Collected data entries
--- --- ---

lemma undecided_prob_antimono: "m \<le> n \<Longrightarrow> undecided_prob f n \<le> undecided_prob f m"
  unfolding undecided_prob_def using decided_mono[of m n f]
  by (intro M.finite_measure_mono) auto

lemma undecided_prob_tendsto_0:
  assumes "finitary f"
  shows "undecided_prob f \<longlonglongrightarrow> 0"
proof -
  have "undecided_prob f \<longlonglongrightarrow> measure M (\<Inter>n. space M - decided f n)"
    unfolding undecided_prob_def using decided_mono
    by (intro M.finite_Lim_measure_decseq) (auto simp: decseq_def)
  moreover have "AE \<omega> in M. \<not> (\<forall>n. \<omega> \<notin> decided f n)"
    using assms AE_space unfolding finitary_def
  proof eventually_elim
    case (elim \<omega>)
    then obtain W n where "is_witness f \<omega> W" "W \<subseteq> {..<n}"
      using finite_nat_bounded by blast
    then show ?case
      using elim by (auto simp: decided_def)
  qed
  then have "measure M {\<omega> \<in> space M. \<forall>n. \<omega> \<notin> decided f n} = 0"
    by (rule M.prob_eq_0_AE)
  moreover have "(\<Inter>n. space M - decided f n) = {\<omega> \<in> space M. \<forall>n. \<omega> \<notin> decided f n}"
    by auto
  ultimately show ?thesis
    by simp
qed

text \<open>Markov's inequality for \<open>maxi (Wf f \<omega>) powr p\<close>, which need not be measurable: it
  bounds the indicator of the undecided set pointwise almost everywhere.\<close>
lemma undecided_prob_le_powr:
  assumes "knowable p f" "0 < p" "0 < n"
  shows "undecided_prob f n \<le> enn2real (\<integral>\<^sup>+\<omega>. ennreal (real (maxi (Wf f \<omega>)) powr p) \<partial>M) / real n powr p"
proof -
  define I where "I = (\<integral>\<^sup>+\<omega>. ennreal (real (maxi (Wf f \<omega>)) powr p) \<partial>M)"
  have "I < \<infinity>" and finitary: "AE \<omega> in M. \<exists>W. finite W \<and> is_witness f \<omega> W"
    using assms(1) by (auto simp: knowable_def finitary_def I_def)
  have "AE \<omega> in M. ennreal (real n powr p) * indicator (space M - decided f n) \<omega>
      \<le> ennreal (real (maxi (Wf f \<omega>)) powr p)"
    using finitary AE_space
  proof eventually_elim
    case (elim \<omega>)
    show ?case
    proof (cases "\<omega> \<in> decided f n")
      case False
      then have "n \<le> maxi (Wf f \<omega>)"
        using elim le_maxi_Wf by (auto simp: decided_def)
      then have "real n powr p \<le> real (maxi (Wf f \<omega>)) powr p"
        using assms(2) by (intro powr_mono2) auto
      then show ?thesis
        using False elim by (simp add: ennreal_leI)
    qed simp
  qed
  then have "ennreal (real n powr p) * emeasure M (space M - decided f n) \<le> I"
    unfolding I_def using boolean
    by (subst nn_integral_cmult_indicator[symmetric]) (auto intro: nn_integral_mono_AE)
  then have "ennreal (real n powr p * undecided_prob f n) \<le> ennreal (enn2real I)"
    using \<open>I < \<infinity>\<close> by (simp add: M.emeasure_eq_measure undecided_prob_def ennreal_mult'')
  then have "real n powr p * undecided_prob f n \<le> enn2real I"
    by (simp add: ennreal_le_iff)
  then show ?thesis
    using assms(3) by (simp add: I_def field_simps)
qed

lemma summable_undecided_prob_power:
  assumes "knowable p f" "0 < p" "1 < real m * p"
  shows "summable (\<lambda>n. undecided_prob f n ^ m)"
proof -
  define K where "K = enn2real (\<integral>\<^sup>+\<omega>. ennreal (real (maxi (Wf f \<omega>)) powr p) \<partial>M)"
  have "summable (\<lambda>n. K ^ m * real n powr (- (real m * p)))"
    using assms(3) by (intro summable_mult) (simp add: summable_real_powr_iff)
  moreover have "norm (undecided_prob f n ^ m) \<le> K ^ m * real n powr (- (real m * p))" if "1 \<le> n" for n
  proof -
    have "undecided_prob f n \<le> K / real n powr p"
      using that assms by (simp add: K_def undecided_prob_le_powr)
    then have "undecided_prob f n ^ m \<le> (K / real n powr p) ^ m"
      by (intro power_mono undecided_prob_nonneg)
    also have "\<dots> = K ^ m * real n powr (- (real m * p))"
      using that by (simp add: divide_inverse power_mult_distrib power_inverse powr_power powr_minus)
    finally show ?thesis
      by (simp add: undecided_prob_nonneg)
  qed
  ultimately show ?thesis
    by (rule summable_comparison_test'[where N = 1])
qed

section \<open>Influences of the truncations\<close>

lemma abs_infl_B_diff_le: "\<bar>infl (B n f) k - infl f k\<bar> \<le> 2 * undecided_prob f n"
proof -
  define E where "E = space M - decided f n"
  define E' where "E' = flipbit k -` E \<inter> space M"
  have sets: "E \<in> sets M" "E' \<in> sets M"
    using boolean unfolding E_def E'_def by (auto intro: measurable_sets[OF measurable_flipbit])
  have "B n f \<omega> = f \<omega> \<and> B n f (flipbit k \<omega>) = f (flipbit k \<omega>)"
    if "\<omega> \<in> space M - (E \<union> E')" for \<omega>
    using that flipbit_in_space by (auto simp: E_def E'_def B_eq_decided)
  then have "\<bar>infl (B n f) k - infl f k\<bar> \<le> measure M (E \<union> E')"
    unfolding infl_def using sets boolean boolean_function_B
    by (intro M.abs_measure_diff_le sets_influence_event) auto
  also have "\<dots> \<le> measure M E + measure M E'"
    using sets by (rule measure_Un_le)
  also have "measure M E' = measure M E"
    unfolding E'_def using sets(1) by (rule measure_flipbit_vimage)
  finally show ?thesis
    by (simp add: E_def undecided_prob_def)
qed

lemma AE_decided_flipbit:
  assumes "n \<le> k"
  shows "AE \<omega> in M. \<omega> \<in> decided f n \<longrightarrow> f (flipbit k \<omega>) = f \<omega> \<and> flipbit k \<omega> \<in> decided f n"
proof -
  have "AE \<omega> in M. is_witness f \<omega> V \<longrightarrow> f (flipbit k \<omega>) = f \<omega>" if "V \<subseteq> {..<n}" for V
  proof (rule AE_flipbit_outside_witness)
    show "finite V"
      using that finite_subset by blast
    show "k \<notin> V"
      using that assms by auto
  qed
  then have "AE \<omega> in M. \<forall>V\<in>Pow {..<n}. is_witness f \<omega> V \<longrightarrow> f (flipbit k \<omega>) = f \<omega>"
    by (intro eventually_ball_finite) auto
  then show ?thesis
    using AE_space
  proof eventually_elim
    case (elim \<omega>)
    show ?case
    proof
      assume "\<omega> \<in> decided f n"
      then obtain V where V: "V \<subseteq> {..<n}" "is_witness f \<omega> V"
        by (auto simp: decided_def)
      then have "f (flipbit k \<omega>) = f \<omega>"
        using elim(1) by blast
      moreover have "\<forall>i\<in>V. flipbit k \<omega> i = \<omega> i"
        using V(1) assms by (intro ballI flipbit_other) auto
      ultimately have "is_witness f (flipbit k \<omega>) V"
        using V(2) is_witness_cong by blast
      then show "f (flipbit k \<omega>) = f \<omega> \<and> flipbit k \<omega> \<in> decided f n"
        using \<open>f (flipbit k \<omega>) = f \<omega>\<close> V(1) flipbit_in_space[OF elim(2)] by (auto simp: decided_def)
    qed
  qed
qed

lemma infl_B_eq_0:
  assumes "n \<le> k"
  shows "infl (B n f) k = 0"
proof -
  have "AE \<omega> in M. B n f (flipbit k \<omega>) = B n f \<omega>"
    using AE_decided_flipbit[OF assms] AE_flipbit[OF AE_decided_flipbit[OF assms], of k] AE_space
  proof eventually_elim
    case (elim \<omega>)
    then show ?case
      using flipbit_in_space[OF elim(3)] by (cases "\<omega> \<in> decided f n") (auto simp: B_eq_decided)
  qed
  then show ?thesis
    unfolding infl_def by (intro M.prob_eq_0_AE) simp
qed

lemma infl_le_undecided_prob: "infl f k \<le> undecided_prob f k"
proof -
  define D where "D = {\<omega> \<in> space M. f (flipbit k \<omega>) \<noteq> f \<omega>}"
  have "AE \<omega> in M. \<not> (\<omega> \<in> D \<and> \<omega> \<in> decided f k)"
    using AE_decided_flipbit[OF order_refl] by eventually_elim (auto simp: D_def)
  then have "measure M {\<omega> \<in> space M. \<omega> \<in> D \<and> \<omega> \<in> decided f k} = 0"
    by (rule M.prob_eq_0_AE)
  moreover have "{\<omega> \<in> space M. \<omega> \<in> D \<and> \<omega> \<in> decided f k} = D \<inter> decided f k"
    by (auto simp: D_def)
  moreover have "measure M D \<le> measure M (D \<inter> decided f k) + measure M (space M - decided f k)"
    using boolean sets_influence_event[OF boolean] unfolding D_def
    by (intro order_trans[OF M.finite_measure_mono measure_Un_le]) auto
  ultimately show ?thesis
    unfolding infl_def undecided_prob_def D_def[symmetric] by simp
qed

lemma infl_B_le: "infl (B n f) k \<le> 3 * undecided_prob f k"
proof (cases "n \<le> k")
  case True
  then show ?thesis
    by (simp add: infl_B_eq_0 undecided_prob_def)
next
  case False
  then have "undecided_prob f n \<le> undecided_prob f k"
    by (intro undecided_prob_antimono) auto
  then show ?thesis
    using abs_infl_B_diff_le[of n k] infl_le_undecided_prob[of k] by (simp add: abs_le_iff)
qed

lemma infl_B_tendsto:
  assumes "finitary f"
  shows "(\<lambda>n. infl (B n f) k) \<longlonglongrightarrow> infl f k"
proof -
  have "(\<lambda>n. infl (B n f) k - infl f k) \<longlonglongrightarrow> 0"
  proof (rule Lim_null_comparison)
    show "\<forall>\<^sub>F n in sequentially. norm (infl (B n f) k - infl f k) \<le> 2 * undecided_prob f n"
      by (simp add: abs_infl_B_diff_le)
    show "(\<lambda>n. 2 * undecided_prob f n) \<longlonglongrightarrow> 0"
      using tendsto_mult_right_zero[OF undecided_prob_tendsto_0[OF assms]] .
  qed
  then show ?thesis
    by (simp add: LIM_zero_iff)
qed

lemma tendsto_suminf_infl_B_power:
  assumes "knowable p f" "0 < p" "1 < real m * p"
  shows "(\<lambda>n. \<Sum>k. ennreal (infl (B n f) k ^ m)) \<longlonglongrightarrow> (\<Sum>k. ennreal (infl f k ^ m))"
proof (rule tendsto_suminf_ennreal_dominated)
  show "(\<lambda>n. infl (B n f) k ^ m) \<longlonglongrightarrow> infl f k ^ m" for k
    using assms(1) by (intro tendsto_power infl_B_tendsto) (simp add: knowable_def)
  show "infl (B n f) k ^ m \<le> 3 ^ m * undecided_prob f k ^ m" for n k
    unfolding power_mult_distrib[symmetric] by (intro power_mono infl_B_le) (simp add: infl_def)
  show "0 \<le> infl (B n f) k ^ m" for n k
    by (simp add: infl_def)
  show "summable (\<lambda>k. 3 ^ m * undecided_prob f k ^ m)"
    using assms by (intro summable_mult summable_undecided_prob_power)
qed

end

theorem mainTheorem13:
  fixes f :: "(nat \<Rightarrow> int) \<Rightarrow> int"
  assumes "boolean_function f" and "finitary f"
  shows "(\<forall>k. (\<lambda>n. infl (B n f) k) \<longlonglongrightarrow> infl f k)
     \<and> ((\<exists>p::real. p > 1/2 \<and> knowable p f) \<longrightarrow> (\<lambda>n. H (B n f)) \<longlonglongrightarrow> H f)
     \<and> ((\<exists>p::real. p > 1 \<and> knowable p f) \<longrightarrow> (\<lambda>n. total_infl (B n f)) \<longlonglongrightarrow> total_infl f)"
proof (intro conjI allI impI)
  show "(\<lambda>n. infl (B n f) k) \<longlonglongrightarrow> infl f k" for k
    using assms by (rule infl_B_tendsto)
next
  assume "\<exists>p. p > 1/2 \<and> knowable p f"
  then obtain p where "p > 1/2" "knowable p f"
    by blast
  then have "(\<lambda>n. \<Sum>k. ennreal (infl (B n f) k ^ 2)) \<longlonglongrightarrow> (\<Sum>k. ennreal (infl f k ^ 2))"
    by (intro tendsto_suminf_infl_B_power[OF assms(1)]) auto
  then show "(\<lambda>n. H (B n f)) \<longlonglongrightarrow> H f"
    by (simp only: H_def)
next
  assume "\<exists>p. p > 1 \<and> knowable p f"
  then obtain p where "p > 1" "knowable p f"
    by blast
  then have "(\<lambda>n. \<Sum>k. ennreal (infl (B n f) k ^ 1)) \<longlonglongrightarrow> (\<Sum>k. ennreal (infl f k ^ 1))"
    by (intro tendsto_suminf_infl_B_power[OF assms(1)]) auto
  then show "(\<lambda>n. total_infl (B n f)) \<longlonglongrightarrow> total_infl f"
    by (simp add: total_infl_def)
qed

--- --- ---

(WHAT IS BEING ASKED) The entries above hold a line with "using assms(3) by (simp" and a later line with "(\<lambda>n. K ^". Write out exactly those lines and all lines between, nothing more.

(PROBLEM SOLUTION)
    using assms(3) by (simp add: I_def field_simps)
qed

lemma summable_undecided_prob_power:
  assumes "knowable p f" "0 < p" "1 < real m * p"
  shows "summable (\<lambda>n. undecided_prob f n ^ m)"
proof -
  define K where "K = enn2real (\<integral>\<^sup>+\<omega>. ennreal (real (maxi (Wf f \<omega>)) powr p) \<partial>M)"
  have "summable (\<lambda>n. K ^ m * real n powr (- (real m * p)))"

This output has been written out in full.